A CPG distributor in Europe used ML to analyze historical promotion performance data to generate a model to improve promotion planning and predicting short-term changes to forecast. For future promotions, this model was used to generate a more accurate promotion plan by analyzing various inputs, such as promotion price, pricing dynamics, marketing campaign/medium, competitor activity, and demographics/geography/stores. However, with demand sensing, the distributor was also able to predict changes in factors impacting the model as promotions were started to further enhance forecast accuracy, minimize lost sales, and improve promotion performance.
Consumer behavior is another area that can provide valuable demand signals. Online companies with ecommerce channels can track customer journeys and product searches on their websites. If a particular product reaches a certain threshold in terms of numbers of searches or new clicks on the product page—even if the customer isn’t always converting the search to a purchase—a new order could be triggered without waiting for the normal ordering cycle. This allows companies to predict demand accurately and minimize lost sales without creating significant inventory risk.

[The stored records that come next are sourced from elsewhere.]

lemma free_ext_fscale:
  assumes "finite (supp u)"
  shows "free_ext scale bul phi (fscale c u) = scale c (free_ext scale bul phi u)"
proof -
  have "free_ext scale bul phi (fscale c u) = (\<Sum>b\<in>supp u. scale (fscale c u b) (eval_basis bul phi b))"
    using assms supp_fscale by (rule free_ext_eq_sum)
  then show ?thesis by (simp add: free_ext_def scale_sum_right fscale_def)
qed

lemma free_ext_in_G:
  assumes "u \<in> FG X dX n" "\<forall>x\<in>X. phi x \<in> G (dX x)"
  shows "free_ext scale bul phi u \<in> G n"
  unfolding free_ext_def using assms by (intro G_sum G_scale eval_basis_in_G) (auto simp: FG_iff)

lemma scale_eval_basis_bbul:
  assumes a: "a \<in> KX X dX n" and c: "c \<in> KX X dX m" and i: "i \<le> m"
    and phi: "\<forall>x\<in>X. phi x \<in> G (dX x)"
  shows "scale (s * t) (eval_basis bul phi (bbul i a c)) =
    bul i (scale s (eval_basis bul phi a)) (scale t (eval_basis bul phi c))"
proof -
  have x: "eval_basis bul phi a \<in> G n" and y: "eval_basis bul phi c \<in> G m"
    using a c phi by (simp_all add: eval_basis_in_G)
  have "bul i (scale s (eval_basis bul phi a)) (scale t (eval_basis bul phi c))
      = scale t (scale s (bul i (eval_basis bul phi a) (eval_basis bul phi c)))"
    by (simp only: bul_scale_right[OF G_scale[OF x] y i] bul_scale_left[OF x y i])
  then show ?thesis by (simp add: eval_basis_bbul[OF a c i phi] mult.commute)
qed

lemma free_ext_fbul:
  assumes u: "u \<in> FG X dX n" and v: "v \<in> FG X dX m" and i: "i \<le> m"
    and phi: "\<forall>x\<in>X. phi x \<in> G (dX x)"
  shows "free_ext scale bul phi (fbul i u v) = bul i (free_ext scale bul phi u) (free_ext scale bul phi v)"
proof -
  define D where "D = (\<lambda>(a, c). bbul i a c) ` (supp u \<times> supp v)"
  have fin: "finite (supp u)" "finite (supp v)" using u v by (simp_all add: FG_iff)
  have KX: "a \<in> KX X dX n" "c \<in> KX X dX m" if "a \<in> supp u" "c \<in> supp v" for a c
    using that u v by (auto simp: FG_iff)
  have u_G: "scale (u a) (eval_basis bul phi a) \<in> G n" if "a \<in> supp u" for a
    using that u phi by (auto simp: FG_iff intro: G_scale eval_basis_in_G)
  have v_G: "scale (v c) (eval_basis bul phi c) \<in> G m" if "c \<in> supp v" for c
    using that v phi by (auto simp: FG_iff intro: G_scale eval_basis_in_G)
  have "free_ext scale bul phi (fbul i u v) = (\<Sum>e\<in>D. scale (fbul i u v e) (eval_basis bul phi e))"
    using fin supp_fbul[of i u v] by (intro free_ext_eq_sum) (auto simp: D_def)
  also have "\<dots> = (\<Sum>e\<in>D. \<Sum>a\<in>supp u. \<Sum>c\<in>supp v.
      if bbul i a c = e then scale (u a * v c) (eval_basis bul phi e) else 0)"
    using fin by (simp add: fbul_eq_sum scale_sum_left if_distrib[of "\<lambda>t. scale t _"] cong: if_cong)
  also have "\<dots> = (\<Sum>a\<in>supp u. \<Sum>c\<in>supp v. scale (u a * v c) (eval_basis bul phi (bbul i a c)))"
    using fin by (intro sum_if_image_collapse) (auto simp: D_def)
  also have "\<dots> = (\<Sum>a\<in>supp u. \<Sum>c\<in>supp v.
      bul i (scale (u a) (eval_basis bul phi a)) (scale (v c) (eval_basis bul phi c)))"
    using KX i phi by (intro sum.cong refl scale_eval_basis_bbul)
  also have "\<dots> = bul i (free_ext scale bul phi u) (free_ext scale bul phi v)"
    unfolding free_ext_def by (rule bul_sum_sum[OF u_G v_G i, symmetric])
  finally show ?thesis .
qed

lemma free_ext_gen: "free_ext scale bul phi (gen dX x) = phi x"
  unfolding free_ext_def gen_eq_delta supp_delta by (simp add: delta_def)

lemma free_ext_free_hom:
  assumes "\<forall>x\<in>X. phi x \<in> G (dX x)"
  shows "free_hom X dX scale G bul phi (free_ext scale bul phi)"
  unfolding free_hom_def using assms
  by (simp add: gcarrier_FG_iff free_ext_in_G free_ext_add free_ext_fscale free_ext_fbul free_ext_gen)

end

section \<open>Uniqueness\<close>

lemma gcarrier_FG_add: "u \<in> gcarrier (FG X dX) \<Longrightarrow> v \<in> gcarrier (FG X dX) \<Longrightarrow> u + v \<in> gcarrier (FG X dX)"
  using supp_add[of u v] by (auto simp: gcarrier_FG_iff intro: finite_subset)

lemma gcarrier_FG_fscale: "u \<in> gcarrier (FG X dX) \<Longrightarrow> fscale c u \<in> gcarrier (FG X dX)"
  using supp_fscale[of c u] by (auto simp: gcarrier_FG_iff intro: finite_subset)

lemma gcarrier_FG_sum:
  "(\<And>b. b \<in> A \<Longrightarrow> w b \<in> gcarrier (FG X dX)) \<Longrightarrow> (\<Sum>b\<in>A. w b) \<in> gcarrier (FG X dX)"
proof (induction A rule: infinite_finite_induct)
  case (insert b A)
  then have "w b \<in> gcarrier (FG X dX)" "sum w A \<in> gcarrier (FG X dX)" by simp_all
  then have "w b + sum w A \<in> gcarrier (FG X dX)" by (rule gcarrier_FG_add)
  moreover have "sum w (insert b A) = w b + sum w A" using insert.hyps by (rule sum.insert)
  ultimately show ?case by (simp only:)
qed (simp_all add: gcarrier_FG_iff supp_def)

lemma delta_in_gcarrier: "b \<in> KX X dX n \<Longrightarrow> delta b \<in> gcarrier (FG X dX)"
  using KX_length[of b] by (simp add: gcarrier_FG_iff supp_delta)

lemma free_hom_sum:
  assumes hom: "free_hom X dX scale G bul phi Phi"
    and w: "\<And>b. b \<in> A \<Longrightarrow> w b \<in> gcarrier (FG X dX)"
  shows "Phi (\<Sum>b\<in>A. w b) = (\<Sum>b\<in>A. Phi (w b))"
proof -
  have add: "Phi (u + v) = Phi u + Phi v" if "u \<in> gcarrier (FG X dX)" "v \<in> gcarrier (FG X dX)" for u v
    using hom that unfolding free_hom_def by blast
  have "0 \<in> gcarrier (FG X dX)" by (simp add: gcarrier_FG_iff supp_def)
  from add[OF this this] have "Phi 0 = 0" by simp
  with w show ?thesis
    by (induction A rule: infinite_finite_induct) (simp_all add: add gcarrier_FG_sum)
qed
(* Let $\mathcal{X}$ be a finite set, $\pi$ a probability distribution on $\mathcal{X}$ with $\pi(x)>0$ for all $x$, $p>1$, $\alpha>0$, and $\mathcal{N}$ a symmetric neighborhood mapping on $\mathcal{X}$ (with $x\notin\mathcal{N}(x)$) such that every stochastic matrix $K$ with $K(x,y)>0$ iff $y\in\mathcal{N}(x)$ is irreducible, and $\max_x|\mathcal{N}(x)|\le p^\alpha$. Suppose there exist a set $\mathcal{X}^*\subset\mathcal{X}$ with $M=|\mathcal{X}^*|\ge 2$, an operator $\mathsf{T}\colon\mathcal{X}\to\mathcal{X}$ and a constant $\nu>\alpha$ such that (i) $\pi(x)=\pi(x')$ for all $x,x'\in\mathcal{X}^*$, (ii) $\mathsf{T}(x)\in\mathcal{N}(x)$ for each $x$, (iii) $\pi(\mathsf{T}(x))\ge p^\nu\pi(x)$ for each $x\notin\mathcal{X}^*$. Let $h\colon(0,\infty)\to(0,\infty)$ be a non-decreasing balancing function ($h(u)=u\,h(1/u)$ for all $u>0$). Define $Z_h(x)=\sum_{y\in\mathcal{N}(x)}h(\pi(y)/\pi(x))$, $K_h(x,y)=\mathbf{1}_{\mathcal{N}(x)}(y)h(\pi(y)/\pi(x))/Z_h(x)$, $\pi_h$ the stationary distribution of $K_h$, $\omega=\pi/\pi_h$, and $Q_h(x,y)=K_h(x,y)/\omega(x)$ for $x\ne y$, $Q_h(x,x)=-\sum_{x'\ne x}Q_h(x,x')$. If the restriction of $K_h$ to $\mathcal{X}^*$ is irreducible, then $$\mathrm{Gap}(Q_h)\ge\frac{\kappa(p,\alpha,\nu)\,h(1)}{3(Mp^{\alpha-\nu}+1)M(M-1)\,\mathbb{E}_\pi[Z_h]},\qquad\kappa(p,\alpha,\nu)=\tfrac12\{1-p^{-(\nu-\alpha)/2}\}^3.$$ Further, for each of $h(u)=1+u$, $h(u)=\min(1,u)$, $h(u)=\sqrt u$ one has $h(1)\ge1$, and $\mathbb{E}_\pi[Z_h]\le 2p^\alpha$ if $h(u)=1+u$; $\mathbb{E}_\pi[Z_h]\le 2p^{2\alpha-\nu}+M-1$ if $h(u)=\min(1,u)$; $\mathbb{E}_\pi[Z_h]\le p^{2\alpha-\nu}+2p^{\alpha-\nu/2}+M-1$ if $h(u)=\sqrt u$.
   Context: The restriction of a transition matrix $K$ on $\mathcal{X}$ to $S\subset\mathcal{X}$ is the transition matrix $K_S$ on $S$ with $K_S(x,x')=K(x,x')$ for $x\neq x'$ and $K_S(x,x)=1-\sum_{x'\in S\setminus\{x\}}K(x,x')$. $\mathbb{E}_\pi[Z_h]=\sum_x\pi(x)Z_h(x)$. For an irreducible reversible transition rate matrix $Q$ with eigenvalues $0=\lambda_1(Q)>\lambda_2(Q)\ge\cdots$, $\mathrm{Gap}(Q)=-\lambda_2(Q)$. *)

theory Defs
  imports "HOL-Analysis.Analysis" "HOL-Library.Multiset"
begin
(* Let $v$ be a typical weight and let $X$ be an initial space such that for every $f\in X$ and $0\le r<1$ the function $f_r(z)=f(rz)$ is in $X$ and $\sup_{0\le r<1}\|f_r\|_X\le C\|f\|_X$ for a constant $C$ independent of $f$. Let $T$ be an intrinsic operator on $\mathcal{H}(\mathbb{D})$ such that $T:X\to\mathcal{B}_v$ is bounded and $Tf_r\in\mathcal{B}_{v,0}$ for all $f\in X$, $0\le r<1$. Then the following are equivalent: (i) $T:X\to\mathcal{B}_v$ is compact; (ii) $T:X\to\mathcal{B}_{v,0}$ is compact; (iii) $\lim_{|z|\to1}v(z)\|T^*K_{z,1}^{\mathcal{B}}\|=0$.
   Context: $\mathcal{H}(\mathbb{D})$ is the space of holomorphic functions on the unit disk $\mathbb{D}$ with the topology $\tau_{uc}$ of uniform convergence on compact subsets. A linear operator $T$ on $\mathcal{H}(\mathbb{D})$ is intrinsic if it maps $\tau_{uc}$-convergent sequences to $\tau_{uc}$-convergent sequences. An initial space is a Banach space $X\subset\mathcal{H}(\mathbb{D})$ containing the polynomials such that every sequence in the closed unit ball of $X$ has a subsequence converging in $\tau_{uc}$ to some function in $X$. A typical weight is a continuous radial $v:\mathbb{D}\to(0,1]$, non-increasing in $|z|$, with $v(z)\to0$ as $|z|\to1$. $\mathcal{B}_v=\{f:\sup_z v(z)|f'(z)|<\infty\}$ with norm $|f(0)|+\sup_z v(z)|f'(z)|$, $\mathcal{B}_{v,0}=\{f:\lim_{|z|\to1}v(z)|f'(z)|=0\}$. $K_{z,1}^{\mathcal{B}}$ is the derivative point evaluation $g\mapsto g'(z)$ on $\mathcal{B}_v$ and $T^*:\mathcal{B}_v^*\to X^*$ the adjoint of $T:X\to\mathcal{B}_v$. *)

theory Defs
  imports "HOL-Analysis.Analysis" "HOL-Computational_Algebra.Polynomial"
begin
(* Let $\Lambda$ be a $\mathbb Z$-lattice with an automorphism $M_h$ of finite order. Let $\Lambda^{(1)},\dots,\Lambda^{(k)}\subset\Lambda$ be Orlik blocks with cyclic generators $e^{(1)},\dots,e^{(k)}$ such that $\Lambda^{(1)}+\dots+\Lambda^{(k)}=\Lambda^{(1)}\oplus\dots\oplus\Lambda^{(k)}$, and let $g$ be an automorphism of $\Lambda^{(1)}\oplus\dots\oplus\Lambda^{(k)}$ commuting with $M_h$. Then there are unique polynomials $p_{ij}\in\mathbb Z[t]$ of degree $<\mathrm{rank}\,\Lambda^{(i)}$ with $g(e^{(j)})=\sum_{i=1}^kp_{ij}(M_h)(e^{(i)})$. Suppose moreover that $p_0\in\mathbb Z[t]$ divides $\gcd(p_{\Lambda^{(1)}},\dots,p_{\Lambda^{(k)}})$ and that $g=\mathrm{id}$ on $\Lambda^{(j)}_{p_{\Lambda^{(j)}}/p_0}$ for every $j$. Then $p_{ij}=\delta_{ij}+\frac{p_{\Lambda^{(i)}}}{p_0}q_{ij}$ for suitable $q_{ij}\in\mathbb Z[t]$ of degree $<\deg p_0$. If furthermore $\xi$ is a root of unity with $p_0(\xi)=0$, then with respect to the eigenvectors $v(e^{(j)},\xi)\in\Lambda^{(j)}_\xi$, $$g(v(e^{(j)},\xi))=\sum_{i=1}^k\Bigl(\delta_{ij}+\frac{p_{\Lambda^{(j)}}}{p_0}q_{ij}\Bigr)(\xi)\cdot v(e^{(i)},\xi).$$
   Context: An Orlik block is a nonzero primitive $M_h$-invariant sublattice $\Lambda^{(1)}\subset\Lambda$ with a cyclic generator $e^{(1)}$, i.e. $\Lambda^{(1)}=\bigoplus_{j=0}^{\deg p_{\Lambda^{(1)}}-1}\mathbb ZM_h^j(e^{(1)})$, where $p_{\Lambda^{(1)}}$ is the characteristic polynomial of $M_h$ on $\Lambda^{(1)}$. For an $M_h$-invariant sublattice $B$ and a product $p$ of cyclotomic polynomials dividing $p_B$, $B_p:=(\bigoplus_{\lambda:p(\lambda)=0}B_\lambda)\cap B$, where $B_\lambda=\ker(M_h-\lambda)\subset B\otimes\mathbb C$. For an eigenvalue $\lambda$ of $M_h$ on an Orlik block with generator $e$, $v(e,\lambda):=\frac{p_{\Lambda^{(1)}}}{t-\lambda}(M_h)(e)$ (an eigenvector with eigenvalue $\lambda$). *)

theory Defs
  imports "Jordan_Normal_Form.Char_Poly" "HOL-Library.Function_Algebras"
begin
lemma abs_Delta_minus_le: assumes "brjuno01 z" "z < 1/2" shows "\<bar>Delta_minus z\<bar> \<le> 13 + 13 * brjunoB z"
proof -
  have b1: "brjuno01 (1 - z)" by (rule brjuno01_one_minus[OF assms(1)])
  note z = brjuno01D[OF assms(1)]
  have e: "Delta_minus z = wiltonW z / 2 - wiltonW (1 - z) / 2 - brjunoB0 z + brjunoB0 (1 - z)"
    using z by (simp add: Delta_minus_unit field_simps)
  have "\<bar>wiltonW z\<bar> \<le> brjunoB z" "\<bar>wiltonW (1 - z)\<bar> \<le> brjunoB (1 - z)"
    using summable_W_term(2) z brjuno01D[OF b1] by auto
  moreover have "brjunoB (1 - z) \<le> brjunoB z + 1/2"
    using abs_brjunoB_one_minus_diff_le[OF assms(1)] by linarith
  moreover note brjunoB0_bounds[OF assms(1)] brjunoB0_bounds[OF b1]
  moreover have "0 \<le> brjunoB z" using brjunoB_nonneg z by simp
  ultimately have "Delta_minus z \<le> 13 + 13 * brjunoB z" "- Delta_minus z \<le> 13 + 13 * brjunoB z"
    unfolding e abs_le_iff by linarith+
  thus ?thesis by simp
qed

text \<open>The same equation on the signed orbit: \<open>nicf_step\<close> differs from \<open>gaussA\<close> by an integer and
  \<open>\<Delta>\<^sup>-\<close> is odd and 1-periodic.\<close>

lemma Delta_minus_functional_eq_signed:
  assumes "0 < \<bar>y\<bar>" "\<bar>y\<bar> < 1/2" "brjuno01 \<bar>y\<bar>"
  shows "Delta_minus y = f_tilde y - y * Delta_minus (nicf_step y)"
proof -
  have "Delta_minus (nicf_step \<bar>y\<bar>) = Delta_minus (gaussA \<bar>y\<bar>)"
    using Delta_minus_add_of_int[of "gaussA \<bar>y\<bar>" "\<lfloor>1 / \<bar>y\<bar>\<rfloor> - round (1 / \<bar>y\<bar>)"] assms(1)
    by (simp add: nicf_step_pos gaussA_def)
  hence "Delta_minus \<bar>y\<bar> = f_tilde \<bar>y\<bar> - \<bar>y\<bar> * Delta_minus (nicf_step \<bar>y\<bar>)"
    using Delta_minus_functional_eq[OF assms(3,2)] f_tilde_eq_f_fun[of "\<bar>y\<bar>"] assms(2) by simp
  thus ?thesis
    by (cases "0 \<le> y") (auto simp: Delta_minus_minus f_tilde_minus nicf_step_def)
qed

section \<open>Convergence of the series to \<open>\<Delta>\<^sup>-\<close>\<close>

lemma gaussA_above_half:
  assumes "1/2 < g" "g < 1" shows "gaussA (1 - g) = gaussA (gaussA g)" "g * gaussA g = 1 - g"
proof -
  have "\<lfloor>1 / g\<rfloor> = 1" using assms by (intro floor_unique) (auto simp: field_simps)
  hence ga: "gaussA g = 1 / g - 1" unfolding gaussA_def by simp
  show "g * gaussA g = 1 - g" unfolding ga using assms by (simp add: field_simps)
  have "1 / gaussA g = 1 / (1 - g) + of_int (-1)" unfolding ga using assms by (simp add: field_simps)
  thus "gaussA (1 - g) = gaussA (gaussA g)" unfolding gaussA_eq_frac by (simp add: frac_def)
qed

locale brjuno_below_half =
  fixes x :: real
  assumes brjuno: "brjuno01 x" and below_half: "x < 1/2"
begin

definition gauss_orbit :: "nat \<Rightarrow> real" where "gauss_orbit k = (gaussA ^^ k) x"
(* Let $n\ge0$ and $\mathbf{x}\in\mathbb{R}^{n+1}$ with $0\le\mathbf{x}_0<\dots<\mathbf{x}_n\le1$. Then $$\kappa_{M^n\to2}\big(V^n(\mathbf{x})\big)\le(n+1)^{3/2}\,\|\mathbf{w}^n\|_2.$$
   Context: $B^n_j(x)=\binom{n}{j}x^j(1-x)^{n-j}$; $V^n(\mathbf{x})$ is the Bernstein–Vandermonde matrix $V^n_{ij}(\mathbf{x})=B^n_j(\mathbf{x}_i)$. $M^n_{ij}=\int_0^1B^n_i(x)B^n_j(x)\,dx$ is the Bernstein mass matrix, $\|\mathbf{y}\|_{M^n}=\sqrt{\mathbf{y}^TM^n\mathbf{y}}$, $\|A\|_{M^n\to2}=\max_{\mathbf{y}\ne0}\|A\mathbf{y}\|_2/\|\mathbf{y}\|_{M^n}$, $\|A\|_{2\to M^n}=\max_{\mathbf{y}\ne0}\|A\mathbf{y}\|_{M^n}/\|\mathbf{y}\|_2$, and $\kappa_{M^n\to2}(A)=\|A\|_{M^n\to2}\|A^{-1}\|_{2\to M^n}$. For $0\le j\le n$, $\ell^{j,n}(x)=\prod_{i\ne j}\frac{x-\mathbf{x}_i}{\mathbf{x}_j-\mathbf{x}_i}$ is the $j$-th Lagrange polynomial for the nodes $\mathbf{x}$, and $\mathbf{w}^n\in\mathbb{R}^{n+1}$ has entries $\mathbf{w}^n_j=\|\ell^{j,n}\|_{L^2(0,1)}$. *)

theory Defs
  imports "HOL-Analysis.Analysis" "Jordan_Normal_Form.Gauss_Jordan_Elimination"
begin

definition bernstein :: "nat \<Rightarrow> nat \<Rightarrow> real \<Rightarrow> real" where
  "bernstein n j x = real (n choose j) * x ^ j * (1 - x) ^ (n - j)"

definition bern_vandermonde :: "nat \<Rightarrow> real vec \<Rightarrow> real mat" where
  "bern_vandermonde n x = mat (n+1) (n+1) (\<lambda>(i,j). bernstein n j (x $ i))"

definition bern_mass :: "nat \<Rightarrow> real mat" where
  "bern_mass n = mat (n+1) (n+1) (\<lambda>(i,j). integral {0..1} (\<lambda>t. bernstein n i t * bernstein n j t))"

definition norm2_vec :: "real vec \<Rightarrow> real" where
  "norm2_vec y = sqrt (y \<bullet> y)"

definition normM_vec :: "nat \<Rightarrow> real vec \<Rightarrow> real" where
  "normM_vec n y = sqrt (y \<bullet> (bern_mass n *\<^sub>v y))"

definition opnorm_M2 :: "nat \<Rightarrow> real mat \<Rightarrow> real" where
  "opnorm_M2 n A = Sup {norm2_vec (A *\<^sub>v y) / normM_vec n y | y. y \<in> carrier_vec (n+1) \<and> y \<noteq> 0\<^sub>v (n+1)}"

definition opnorm_2M :: "nat \<Rightarrow> real mat \<Rightarrow> real" where
  "opnorm_2M n A = Sup {normM_vec n (A *\<^sub>v y) / norm2_vec y | y. y \<in> carrier_vec (n+1) \<and> y \<noteq> 0\<^sub>v (n+1)}"

definition mat_inv :: "real mat \<Rightarrow> real mat" where
  "mat_inv A = the (mat_inverse A)"

definition kappa_M2 :: "nat \<Rightarrow> real mat \<Rightarrow> real" where
  "kappa_M2 n A = opnorm_M2 n A * opnorm_2M n (mat_inv A)"

definition lagrange :: "nat \<Rightarrow> real vec \<Rightarrow> nat \<Rightarrow> real \<Rightarrow> real" where
  "lagrange n x j t = (\<Prod>i\<in>{0..n} - {j}. (t - x $ i) / (x $ j - x $ i))"

definition lagrange_weights :: "nat \<Rightarrow> real vec \<Rightarrow> real vec" where
  "lagrange_weights n x = vec (n+1) (\<lambda>j. sqrt (integral {0..1} (\<lambda>t. (lagrange n x j t)\<^sup>2)))"

end

theory Submission
  imports Defs "Jordan_Normal_Form.Determinant"
begin

text \<open>For \<open>y\<close> put \<open>p = \<Sum>\<^sub>j y\<^sub>j B\<^sup>n\<^sub>j\<close>; then \<open>V y = (p(x\<^sub>i))\<^sub>i\<close> and \<open>\<parallel>y\<parallel>\<^sub>M = \<parallel>p\<parallel>\<^sub>L\<^sub>2\<close>.
  The Nikolskii-type inequality \<open>p(x)\<^sup>2 \<le> (n+1)\<^sup>2 \<parallel>p\<parallel>\<^sup>2\<^sub>L\<^sub>2\<close> on \<open>[0,1]\<close>, summed over the
  \<open>n+1\<close> nodes, bounds \<open>\<parallel>V\<parallel>\<^sub>M\<^sub>\<rightarrow>\<^sub>2\<close> by \<open>(n+1)\<^sup>3\<^sup>/\<^sup>2\<close>. At the endpoint \<open>x = 0\<close> it holds because
  the representer of \<open>q \<mapsto> q(0)\<close> on polynomials of degree \<open>\<le> n\<close> has squared norm \<open>(n+1)\<^sup>2\<close>;
  affine changes of variables carry it to any point of \<open>[0,1]\<close>. Conversely \<open>V\<^sup>-\<^sup>1 z\<close> is the
  Bernstein coefficient vector of the interpolant \<open>\<Sum>\<^sub>j z\<^sub>j \<ell>\<^sup>j\<^sup>,\<^sup>n\<close>, whose \<open>L\<^sup>2\<close> norm is at most
  \<open>\<parallel>z\<parallel>\<^sub>2 \<parallel>w\<^sup>n\<parallel>\<^sub>2\<close> by Cauchy--Schwarz.\<close>

lemma alternating_binomial_sum_Suc:
  fixes f :: "nat \<Rightarrow> 'a::comm_ring_1"
  shows "(\<Sum>k\<le>Suc N. (-1)^k * of_nat (Suc N choose k) * f k)
       = (\<Sum>k\<le>N. (-1)^k * of_nat (N choose k) * (f k - f (Suc k)))"
proof -
  let ?h = "\<lambda>k. (-1)^k * of_nat (N choose k) * f k"
  have "(\<Sum>k\<le>N. (-1)^(Suc k) * of_nat (Suc N choose Suc k) * f (Suc k))
      = - (\<Sum>k\<le>N. (-1)^k * of_nat (N choose k) * f (Suc k))
        - (\<Sum>k\<le>N. (-1)^k * of_nat (N choose Suc k) * f (Suc k))"
    by (simp add: sum_negf[symmetric] sum_subtractf[symmetric] algebra_simps)
  then have expand: "(\<Sum>k\<le>Suc N. (-1)^k * of_nat (Suc N choose k) * f k)
      = f 0 - (\<Sum>k\<le>N. (-1)^k * of_nat (N choose k) * f (Suc k))
            - (\<Sum>k\<le>N. (-1)^k * of_nat (N choose Suc k) * f (Suc k))"
    by (subst sum.atMost_Suc_shift) simp
  have shifted: "(\<Sum>k\<le>N. (-1)^k * of_nat (N choose Suc k) * f (Suc k)) = f 0 - (\<Sum>k\<le>N. ?h k)"
  proof -
    have "(\<Sum>k\<le>N. ?h k) = (\<Sum>k\<le>Suc N. ?h k)" by (simp add: binomial_eq_0)
    also have "\<dots> = ?h 0 + (\<Sum>k\<le>N. ?h (Suc k))" by (rule sum.atMost_Suc_shift)
    finally show ?thesis by (simp add: sum_negf[symmetric])
  qed
  show ?thesis
    unfolding expand shifted by (simp add: sum_subtractf algebra_simps)
qed

definition shift_diff :: "'a::comm_ring_1 poly \<Rightarrow> 'a poly" where
  "shift_diff p = p - pcompose p [:1, 1:]"

lemma poly_shift_diff: "poly (shift_diff p) x = poly p x - poly p (x + 1)"
  by (simp add: shift_diff_def poly_pcompose algebra_simps)

lemma degree_shift_diff:
  fixes p :: "'a::idom poly"
  assumes "degree p \<le> Suc d"
  shows "degree (shift_diff p) \<le> d"
proof (rule degree_le, intro allI impI)
  fix i assume "d < i"
  have "degree (pcompose p [:1, 1:]) = degree p" by (simp add: degree_pcompose)
  moreover have "lead_coeff (pcompose p [:1, 1:]) = lead_coeff p"
    by (subst lead_coeff_comp) auto
  ultimately show "coeff (shift_diff p) i = 0"
    using \<open>d < i\<close> assms
    by (cases "i = degree p") (auto simp: shift_diff_def coeff_eq_0)
qed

Since spring 2019, online channels have contributed to nearly 70% of overall CPG growth. As online channels for CPG companies grow, this will become an even more important element for CPG companies in responding to demand.
Weather is another example of a short-term variable that impacts demand for many CPG businesses and can be included in demand sensing to mine valuable insights. For example, a CPG company that sells ice cream products may already know that demand for their products rises with summer heatwaves. However, using demand sensing, one such company identified that if winter temperatures warm by two degrees Celsius, people buy 30% more ice cream than they did the day before—a new insight that would affect forecasts and supply.
In another example, a CPG PPE company looking to get ahead of demand fluctuations may incorporate information on current and predicted pandemic outbreaks to make decisions on where products will be most needed.
Using demand sensing to pick up short-term demand signals doesn’t mean that companies need to change their usual planning cadence, but rather that the short-term data can be fed into the regular process for improved response through inventory, supply, and distribution planning.
Time for a Change
The events of the past year have caused major disruption in the CPG supply chain world. But this disruption also presents an opportunity to reinvent supply chain processes. Combining ML with demand sensing in the cloud is fundamentally transforming the forecasting landscape. CPG firms can cost-effectively forecast unique product groups using unique statistical models, resulting in a 5-10% improvement in forecast accuracy.
Using AI/ML to generate better forecasts and adding in demand sensing can help CPGs create a better planning system that is more efficient and accurate, allowing organizations to ride out this storm and those to come.